Preferably, the preset pressure is 0.06-0.1 MPa.

The delivery flow rates of the liquid discharge pump and the delivery pump are determined according to the scale of the treatment, and the preferred delivery flow rate is 2 to 15 tons/hour.

Compared with the prior art, the invention has the beneficial effects that:

(1) The high-temperature flue gas and the nitrogen gas of the system are used for heat exchange, and the high-temperature nitrogen gas after heat exchange is used as a heat source for plastic liquefaction, so that the high-efficiency utilization of system energy is realized, and the thermal efficiency of the system is high; in addition, the cold nitrogen after oil-water separation returns to the waste heat recovery system for cyclic utilization, so that nitrogen resources are saved, and the system is green and economical.

(2) The invention uses inert gas hot nitrogen as the heat source of plastic liquefaction, realizes effective heat transfer of gas-solid phase, and simultaneously improves the safety of the liquefaction process.

(3) The plastic liquefaction process has serious coking problem, and the liquefaction tank is internally provided with structures such as stirring, rotating scrapers, deslagging, external heat insulation and the like, so that the stable and continuous operation of the liquefaction process is ensured; in addition, a multi-stage liquid cyclone is arranged behind the flow of the liquefaction tank, the slag in the material is removed again, the stage number of the multi-stage liquid cyclone is determined according to the solid content of the material, and the cleanliness of the subsequent material is ensured.

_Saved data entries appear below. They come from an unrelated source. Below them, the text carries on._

lemma representation_in_geometric_semigroup:
  assumes "b \<ge> 2" "t \<le> legendre_sum b N" "x + (b - 1) * t = (a + 1) * N"
  shows "x \<in> geometric_semigroup b a"
  using assms(2,3)
proof (induction N arbitrary: t x rule: less_induct)
  case (less N)
  show ?case
  proof (cases "N = 0")
    case True
    then show ?thesis
      using less.prems unfolding geometric_semigroup_def by (simp add: monoid_gen.zero)
  next
    case False
    then obtain i where i: "b ^ i \<le> N" "legendre_sum b (b ^ i) \<le> t"
      "t - legendre_sum b (b ^ i) \<le> legendre_sum b (N - b ^ i)"
      using legendre_sum_peel_power[OF assms(1) _ less.prems(1)] by blast
    define t' where "t' = t - legendre_sum b (b ^ i)"
    define N' where "N' = N - b ^ i"
    have "N' < N"
      using i(1) False assms(1) unfolding N'_def by simp
    have "(b - 1) * t' \<le> (b - 1) * legendre_sum b N'"
      using i(3) unfolding t'_def N'_def by simp
    also have "\<dots> \<le> N'"
      by (rule legendre_sum_le[OF assms(1)])
    also have "\<dots> \<le> (a + 1) * N'"
      by simp
    finally have le: "(b - 1) * t' \<le> (a + 1) * N'" .
    have "t = t' + legendre_sum b (b ^ i)" "N = N' + b ^ i"
      using i(1,2) unfolding t'_def N'_def by simp_all
    then have "x + (b - 1) * t' + (b - 1) * legendre_sum b (b ^ i) = (a + 1) * N' + (a + 1) * b ^ i"
      using less.prems(2) by (simp add: distrib_left add.assoc)
    then have x: "x = (a * b ^ i + 1) + ((a + 1) * N' - (b - 1) * t')"
      using generator_add_legendre_sum[OF assms(1), of a i] le by linarith
    have "(a + 1) * N' - (b - 1) * t' \<in> geometric_semigroup b a"
      using less.IH[OF \<open>N' < N\<close>, of t'] i(3) le unfolding t'_def N'_def by simp
    then show ?thesis
      unfolding x geometric_semigroup_def by (rule monoid_gen.add[OF rangeI])
  qed
qed

lemma coprime_ex_add_mult_eq_mult:
  fixes k m x :: nat
  assumes "coprime k m" "m > 0"
  obtains t N where "t < m" "x + k * t = m * N"
proof -
  obtain u where u: "[k * u = 1] (mod m)"
    using cong_solve_coprime_nat[OF assms(1)] by auto
  define t where "t = (x * (m - 1) * u) mod m"
  have "[k * t = (k * u) * (x * (m - 1))] (mod m)"
    unfolding t_def by (simp add: cong_def mod_mult_right_eq ac_simps)
  also have "[(k * u) * (x * (m - 1)) = 1 * (x * (m - 1))] (mod m)"
    by (intro cong_mult u cong_refl)
  finally have "[x + k * t = x + x * (m - 1)] (mod m)"
    by (intro cong_add cong_refl) simp
  moreover have "x + x * (m - 1) = x * m"
    using assms(2) by (cases m) (auto simp: algebra_simps)
  ultimately have "m dvd x + k * t"
    by (simp add: cong_def mod_eq_0_iff_dvd)
  moreover have "t < m"
    unfolding t_def using assms(2) by simp
  ultimately show ?thesis
    using that by (auto elim!: dvdE)
qed

lemma coprime_add_mult_eq_mult_unique:
  fixes k m x :: nat
  assumes "coprime k m" "x + k * t = m * N" "x + k * t' = m * N'" "t < m"
  shows "t' mod m = t"
proof -
  have "[x + k * t = x + k * t'] (mod m)"
    using assms(2,3) by (simp add: cong_def)
  then have "[t = t'] (mod m)"
    using cong_mult_lcancel_nat[OF assms(1)] by (simp add: cong_add_lcancel_nat)
  then show ?thesis
    using assms(4) by (simp add: cong_def)
qed

text \<open>A representation \<open>t' = t + (a+1) c\<close>, \<open>N' = N + (b-1) c\<close> with \<open>c > 0\<close> costs more than
  it gains: \<open>(b-1) t' \<le> N'\<close> and \<open>N \<le> b L(N) + b - 1\<close> force \<open>(b-1) a c < t \<le> a\<close>.\<close>

lemma legendre_sum_reduce_representation:
  assumes "b \<ge> 2" "t \<le> a" "t + (a + 1) * c \<le> legendre_sum b (N + (b - 1) * c)"
  shows "t \<le> legendre_sum b N"
proof (cases "c = 0")
  case False
  show ?thesis
  proof (rule ccontr)
    assume "\<not> t \<le> legendre_sum b N"
    then obtain t0 where t0: "t = Suc t0" "legendre_sum b N \<le> t0"
      by (cases t) auto
    obtain B where B: "b = Suc B"
      using assms(1) by (cases b) auto
    have "b * legendre_sum b N + (b - 1) \<le> (b - 1) * t + (t - 1)"
      using mult_le_mono2[OF t0(2), of b] unfolding t0(1) B by (simp add: algebra_simps)
    then have "N \<le> (b - 1) * t + (t - 1)"
      using le_legendre_sum[OF assms(1), of N] by linarith
    moreover have "(b - 1) * (t + (a + 1) * c) \<le> N + (b - 1) * c"
      using mult_le_mono2[OF assms(3), of "b - 1"] legendre_sum_le[OF assms(1)] order_trans
      by blast
    ultimately have "(b - 1) * c * a \<le> t - 1"
      by (simp add: algebra_simps)
    moreover have "1 \<le> (b - 1) * c"
      using assms(1) False by simp
    then have "a \<le> (b - 1) * c * a"
      by simp
    ultimately show False
      using assms(2) \<open>\<not> t \<le> legendre_sum b N\<close> by linarith
  qed
qed (use assms in simp)

lemma geometric_semigroup_mem_iff:
  assumes "b \<ge> 2" "coprime (b - 1) (a + 1)" "t \<le> a" "x + (b - 1) * t = (a + 1) * N"
  shows "x \<in> geometric_semigroup b a \<longleftrightarrow> t \<le> legendre_sum b N"
proof
  assume "x \<in> geometric_semigroup b a"
  then obtain N' t' where t': "t' \<le> legendre_sum b N'" "x + (b - 1) * t' = (a + 1) * N'"
    using geometric_semigroup_representation[OF assms(1)] by blast
  define c where "c = t' div (a + 1)"
  have "t' mod (a + 1) = t"
    using coprime_add_mult_eq_mult_unique[OF assms(2) assms(4) t'(2)] assms(3) by simp
  then have t'_eq: "t' = t + (a + 1) * c"
    unfolding c_def by (metis mod_mult_div_eq add.commute mult.commute)
  have "(a + 1) * N' = x + (b - 1) * t + (b - 1) * ((a + 1) * c)"
    using t'(2) t'_eq by (simp add: distrib_left add.assoc)
  also have "\<dots> = (a + 1) * (N + (b - 1) * c)"
    using assms(4) by (simp add: distrib_left ac_simps)
  finally have "(a + 1) * N' = (a + 1) * (N + (b - 1) * c)" .
  then have "N' = N + (b - 1) * c"
    by (simp only: mult_cancel_left) simp
  then show "t \<le> legendre_sum b N"
    using legendre_sum_reduce_representation[OF assms(1,3)] t'(1) t'_eq by simp
qed (use representation_in_geometric_semigroup[OF assms(1) _ assms(4)] in blast)

section \<open>Counting the gaps\<close>

definition gap_pairs :: "nat \<Rightarrow> nat \<Rightarrow> (nat \<times> nat) set" where
  "gap_pairs b a = {(N, t). t \<le> a \<and> (b - 1) * t \<le> (a + 1) * N \<and> legendre_sum b N < t}"

lemma bij_betw_gap_pairs:
  assumes "b \<ge> 2" "coprime (b - 1) (a + 1)"
  shows "bij_betw (\<lambda>(N, t). (a + 1) * N - (b - 1) * t) (gap_pairs b a)
    (UNIV - geometric_semigroup b a)"
proof (rule bij_betwI')
  fix p q
  assume "p \<in> gap_pairs b a" "q \<in> gap_pairs b a"
  then obtain N t N' t' where p: "p = (N, t)" "t \<le> a" "(b - 1) * t \<le> (a + 1) * N"
    and q: "q = (N', t')" "t' \<le> a" "(b - 1) * t' \<le> (a + 1) * N'"
    unfolding gap_pairs_def by auto
  show "((\<lambda>(N, t). (a + 1) * N - (b - 1) * t) p = (\<lambda>(N, t). (a + 1) * N - (b - 1) * t) q)
    = (p = q)"
  proof
    assume "(\<lambda>(N, t). (a + 1) * N - (b - 1) * t) p = (\<lambda>(N, t). (a + 1) * N - (b - 1) * t) q"
    then have eq: "(a + 1) * N - (b - 1) * t = (a + 1) * N' - (b - 1) * t'"
      using p q by simp
    define x where "x = (a + 1) * N - (b - 1) * t"
    have "x + (b - 1) * t = (a + 1) * N" "x + (b - 1) * t' = (a + 1) * N'"
      using p q eq unfolding x_def by simp_all
    moreover from this have "t mod (a + 1) = t'"
      using coprime_add_mult_eq_mult_unique[OF assms(2)] q(2) by simp
    ultimately have "t = t'" "(a + 1) * N = (a + 1) * N'"
      using p(2) by simp_all
    moreover from this(2) have "N = N'"
      by (simp only: mult_cancel_left) simp
    ultimately show "p = q"
      using p(1) q(1) by simp
  qed simp
next
  fix p
  assume "p \<in> gap_pairs b a"
  then obtain N t where p: "p = (N, t)" "t \<le> a" "(b - 1) * t \<le> (a + 1) * N"
    "legendre_sum b N < t"
    unfolding gap_pairs_def by auto
  then have "(a + 1) * N - (b - 1) * t \<notin> geometric_semigroup b a"
    using geometric_semigroup_mem_iff[OF assms p(2)] by simp
  then show "(\<lambda>(N, t). (a + 1) * N - (b - 1) * t) p \<in> UNIV - geometric_semigroup b a"
    using p(1) by simp
next
  fix x
  assume "x \<in> UNIV - geometric_semigroup b a"
  moreover obtain t N where t: "t < a + 1" "x + (b - 1) * t = (a + 1) * N"
    using coprime_ex_add_mult_eq_mult[OF assms(2)] by auto
  ultimately have "(N, t) \<in> gap_pairs b a"
    using geometric_semigroup_mem_iff[OF assms _ t(2)] unfolding gap_pairs_def by auto
  then show "\<exists>p\<in>gap_pairs b a. x = (\<lambda>(N, t). (a + 1) * N - (b - 1) * t) p"
    using t(2) by force
qed
lemma cond_indep_integral_indicator:
  fixes U :: "'a \<Rightarrow> 'u::topological_space" and V :: "'a \<Rightarrow> 'w::topological_space"
  assumes indep: "cond_indep_pair M F U V"
    and [measurable]: "U \<in> borel_measurable M" "V \<in> borel_measurable M" "A \<in> sets borel"
      "k \<in> borel_measurable borel"
    and k_int: "integrable M (\<lambda>\<omega>. k (V \<omega>))"
  shows "(\<integral>\<omega>. indicator A (U \<omega>) * k (V \<omega>) \<partial>M)
    = (\<integral>\<omega>. indicator A (U \<omega>) * real_cond_exp M F (\<lambda>\<omega>. k (V \<omega>)) \<omega> \<partial>M)"
proof -
  let ?a = "\<lambda>\<omega>. indicator A (U \<omega>) :: real"
  let ?c = "real_cond_exp M F ?a"
  let ?m = "real_cond_exp M F (\<lambda>\<omega>. k (V \<omega>))"
  have bounded_mult_int: "integrable M (\<lambda>\<omega>. h \<omega> * k (V \<omega>))"
    if [measurable]: "h \<in> borel_measurable M" and h: "AE \<omega> in M. \<bar>h \<omega>\<bar> \<le> 1" for h
  proof (rule Bochner_Integration.integrable_bound[OF k_int])
    show "AE \<omega> in M. norm (h \<omega> * k (V \<omega>)) \<le> norm (k (V \<omega>))"
      using h by eventually_elim (simp add: abs_mult mult_left_le_one_le)
  qed measurable
  have c_unit: "AE \<omega> in M. 0 \<le> ?c \<omega> \<and> ?c \<omega> \<le> 1"
    by (rule real_cond_exp_unit_interval) auto
  have bounds: "AE \<omega> in M. \<bar>?a \<omega> - ?c \<omega>\<bar> \<le> 1" "AE \<omega> in M. \<bar>?c \<omega>\<bar> \<le> 1"
      "AE \<omega> in M. \<bar>?a \<omega>\<bar> \<le> 1"
    using c_unit by (eventually_elim, auto split: split_indicator)+
  then have ak_int: "integrable M (\<lambda>\<omega>. (?a \<omega> - ?c \<omega>) * k (V \<omega>))"
      "integrable M (\<lambda>\<omega>. ?c \<omega> * k (V \<omega>))" "integrable M (\<lambda>\<omega>. ?a \<omega> * k (V \<omega>))"
    by (auto intro!: bounded_mult_int)
  have "(\<integral>\<omega>. (?a \<omega> - ?c \<omega>) * k (V \<omega>) \<partial>M) = 0"
  proof (rule integral_mult_comp_eq_zero[where V=V, OF _ _ _ _ ak_int(1)])
    show "integrable M (\<lambda>\<omega>. ?a \<omega> - ?c \<omega>)"
      by (rule Bochner_Integration.integrable_bound[where f="\<lambda>_. 1::real"])
         (use bounds(1) in \<open>auto elim!: eventually_mono\<close>)
  qed (auto intro: cond_indep_integral_indicator_centered[OF indep])
  then have "(\<integral>\<omega>. ?a \<omega> * k (V \<omega>) \<partial>M) = (\<integral>\<omega>. ?c \<omega> * k (V \<omega>) \<partial>M)"
    using ak_int by (simp add: left_diff_distrib)
  also have "\<dots> = (\<integral>\<omega>. ?c \<omega> * ?m \<omega> \<partial>M)"
    by (rule real_cond_exp_intg(2)[symmetric]) (auto simp: ak_int(2))
  also have "\<dots> = (\<integral>\<omega>. ?m \<omega> * ?a \<omega> \<partial>M)"
  proof (subst mult.commute, rule real_cond_exp_intg(2))
    show "integrable M (\<lambda>\<omega>. ?m \<omega> * ?a \<omega>)"
      by (rule Bochner_Integration.integrable_bound[OF real_cond_exp_int(1)[OF k_int]])
         (auto intro!: AE_I2 simp: indicator_def)
  qed auto
  finally show ?thesis
    by (simp add: mult.commute)
qed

(4) The temperature distribution of the flue gas in the liquefaction tank is utilized, a drying section and a liquefaction section are formed in the liquefaction tank, and most of moisture in the raw materials is also taken away while the gradient utilization of high-temperature nitrogen heat is realized.

(5) The waste plastics after liquefaction are stored in the buffer tank and keep a certain liquid level, and the feeding flow is controlled by the pumping way, so that the continuous feeding of the materials into the plastic pyrolysis system is really realized.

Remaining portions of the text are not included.